I have to say that you are probably going to have to buy a new battery.
A battery that has sat for 2 years is going to be junk.
You can put a charge back into it but it's ability to hold that charge and provide the amps needed to crank the engine over just won't be there.
If you take that battery to any auto parts store they will test it for you with a load tester for free and tell you if it's any good for sure.
I would venture to say with pretty good certainty that it's not.

But then when you get the engine to crank over and it won't stay running the issue is most likely going to be a dirty carb but could be just bad old fuel.
In that case you have to siphon the old fuel out of the tank with a hose and replace it with fresh fuel.
You can remove the fuel feed line from the side of the carburetor and cranking over the engine will flush fresh fuel from the tank through the lines and the fuel pump.
It will be dark brown after 2 years and you'll know you're getting fresh gas when it goes more clear in color.
If you have an inline filter by the carburetor you should replace that with a paper element filter. Not a screen filter. A screen filter will still let debris into the carb and I never would recommend that.
Then once you have fresh gas to the carb.
The bowl of the carb needs to come off.
There's a center bolt in the bowl on the carb that will let the bowl come off.
You will need carb cleaner to spray around the float pivot and the needle valve above the float to disolve the gum and varnish.
Spray through every hole you can find at this point.
Put the bowl back on and see if it will fire up.
It should run, but if it runs rough you will need to take the entire carb off the engine and disassemble it completely to clean every passage in it.

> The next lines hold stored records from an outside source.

(* Let $n,c,\sigma\ge1$ be integers, set $d=4\sigma$, let $p$ be a prime, and let $x\in\{0,\ldots,c\}^n$ have at most $\sigma$ nonzero coordinates. Let $\rho:\{1,\ldots,n\}\to\{1,\ldots,d\}$ be a uniformly random mapping and $r_1,\ldots,r_n$ independent uniform elements of $\{0,\ldots,p-1\}$, and define $\phi_j(x)=\big(\sum_{i:\rho(i)=j}x_ir_i\big)\bmod p$ for $j=1,\ldots,d$. Then the expected number of nonzero entries of $\phi(x)$ is at most $\tfrac d4$, and with probability at least $\tfrac12$ at least half of the entries of $\phi(x)$ are zero.
   Context: FSketch construction as described in the claim. *)

theory Defs
  imports "HOL-Probability.Probability"
begin

definition fsketch :: "nat \<Rightarrow> nat \<Rightarrow> (nat \<Rightarrow> nat) \<Rightarrow> (nat \<Rightarrow> nat) \<Rightarrow> (nat \<Rightarrow> nat) \<Rightarrow> nat \<Rightarrow> nat" where
  "fsketch n p x \<rho> r j = (\<Sum>i\<in>{i\<in>{1..n}. \<rho> i = j}. x i * r i) mod p"

definition sketch_space :: "nat \<Rightarrow> nat \<Rightarrow> nat \<Rightarrow> ((nat \<Rightarrow> nat) \<times> (nat \<Rightarrow> nat)) pmf" where
  "sketch_space n d p = pair_pmf (pmf_of_set (PiE {1..n} (\<lambda>_. {1..d})))
                                 (pmf_of_set (PiE {1..n} (\<lambda>_. {0..<p})))"

end

theory Submission
  imports Defs
begin

text \<open>The bound holds for every outcome, not only on average: a bucket j of the sketch can be
  nonzero only if some coordinate in the support of x is hashed to j, so at most
  \<open>\<sigma> = d/4\<close> of the d buckets are nonzero, whatever \<open>\<rho>\<close> and r are. Primality of p and the
  range of the entries of x play no role.\<close>

lemma fsketch_nonzero_imp_in_image_support:
  assumes "fsketch n p x \<rho> r j \<noteq> 0"
  shows "j \<in> \<rho> ` {i\<in>{1..n}. x i \<noteq> 0}"
proof (rule ccontr)
  assume "j \<notin> \<rho> ` {i\<in>{1..n}. x i \<noteq> 0}"
  then have "(\<Sum>i\<in>{i\<in>{1..n}. \<rho> i = j}. x i * r i) = 0"
    by (intro sum.neutral) auto
  then show False
    using assms by (simp only: fsketch_def mod_0)
qed

lemma card_fsketch_nonzero_le_card_support:
  "card {j\<in>J. fsketch n p x \<rho> r j \<noteq> 0} \<le> card {i\<in>{1..n}. x i \<noteq> 0}"
proof -
  let ?S = "{i\<in>{1..n}. x i \<noteq> 0}"
  have "{j\<in>J. fsketch n p x \<rho> r j \<noteq> 0} \<subseteq> \<rho> ` ?S"
    using fsketch_nonzero_imp_in_image_support by blast
  then have "card {j\<in>J. fsketch n p x \<rho> r j \<noteq> 0} \<le> card (\<rho> ` ?S)"
    by (intro card_mono) auto
  also have "\<dots> \<le> card ?S"
    by (intro card_image_le) auto
  finally show ?thesis .
qed

lemma card_filter_add_card_filter_not:
  assumes "finite A"
  shows "card {a\<in>A. P a} + card {a\<in>A. \<not> P a} = card A"
proof -
  have "card {a\<in>A. P a} + card {a\<in>A. \<not> P a} = card ({a\<in>A. P a} \<union> {a\<in>A. \<not> P a})"
    using assms by (intro card_Un_disjoint[symmetric]) auto
  also have "{a\<in>A. P a} \<union> {a\<in>A. \<not> P a} = A"
    by blast
  finally show ?thesis .
qed

lemma measure_pmf_expectation_le_bound:
  fixes f :: "'a \<Rightarrow> real"
  assumes "\<And>z. \<bar>f z\<bar> \<le> c"
  shows "measure_pmf.expectation M f \<le> c"
proof (rule measure_pmf.integral_le_const)
  show "integrable (measure_pmf M) f"
    using assms by (intro measure_pmf.integrable_const_bound[where B = c]) auto
  show "AE z in measure_pmf M. f z \<le> c"
    using assms abs_le_D1 by blast
qed

theorem lemma7:
  fixes n c \<sigma> d p :: nat and x :: "nat \<Rightarrow> nat"
  assumes "n \<ge> 1" and "c \<ge> 1" and "\<sigma> \<ge> 1" and "d = 4 * \<sigma>" and "prime p"
    and "x \<in> PiE {1..n} (\<lambda>_. {0..c})"
    and "card {i\<in>{1..n}. x i \<noteq> 0} \<le> \<sigma>"
  shows "measure_pmf.expectation (sketch_space n d p)
           (\<lambda>(\<rho>, r). real (card {j\<in>{1..d}. fsketch n p x \<rho> r j \<noteq> 0})) \<le> real d / 4
         \<and> measure_pmf.prob (sketch_space n d p)
           {(\<rho>, r). 2 * card {j\<in>{1..d}. fsketch n p x \<rho> r j = 0} \<ge> d} \<ge> 1 / 2"
proof
  have nonzero_le: "card {j\<in>{1..d}. fsketch n p x \<rho> r j \<noteq> 0} \<le> \<sigma>" for \<rho> r
    using card_fsketch_nonzero_le_card_support assms(7) le_trans by blast
  then show "measure_pmf.expectation (sketch_space n d p)
      (\<lambda>(\<rho>, r). real (card {j\<in>{1..d}. fsketch n p x \<rho> r j \<noteq> 0})) \<le> real d / 4"
    using assms(4) by (intro measure_pmf_expectation_le_bound) (auto split: prod.split)
  have "2 * card {j\<in>{1..d}. fsketch n p x \<rho> r j = 0} \<ge> d" for \<rho> r
    using card_filter_add_card_filter_not[of "{1..d}" "\<lambda>j. fsketch n p x \<rho> r j = 0"]
      nonzero_le[of \<rho> r] assms(4) by simp
  then have "{(\<rho>, r). 2 * card {j\<in>{1..d}. fsketch n p x \<rho> r j = 0} \<ge> d} = UNIV"
    by auto
  then show "measure_pmf.prob (sketch_space n d p)
      {(\<rho>, r). 2 * card {j\<in>{1..d}. fsketch n p x \<rho> r j = 0} \<ge> d} \<ge> 1 / 2"
    by simp
qed

end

This may sound daunting but it's not really that bad if you have some basic tools and a way to siphon the old fuel out of the tank.
Let me know if there's anything else I can help you with.
Customer: replied 4 years ago.

Thank you for your answer! I think I may have mislead you on the time the mower has not been used which has been about three monthes. I purchased the mower about two years ago. However, I believe your answer still covers the issue unless I hear further from you. I never have had an issue with the mower with exception to a backfire occasionally when I turn it off.

Yeah I still think your battery is probably shot. Getting 1 year out of a lawn and garden battery is about their limit most of the time.
I'd start with the battery. 3 months isn't really that long for a mower to sit so it should run on the fuel that's in it.
The backfire on shut down is a common trait to mower engines.
To reduce it as much as possible idle the engine down for 15 seconds before turning the key off.
The backfire is unburnt gas igniting from the heat of the exhaust causing the backfire.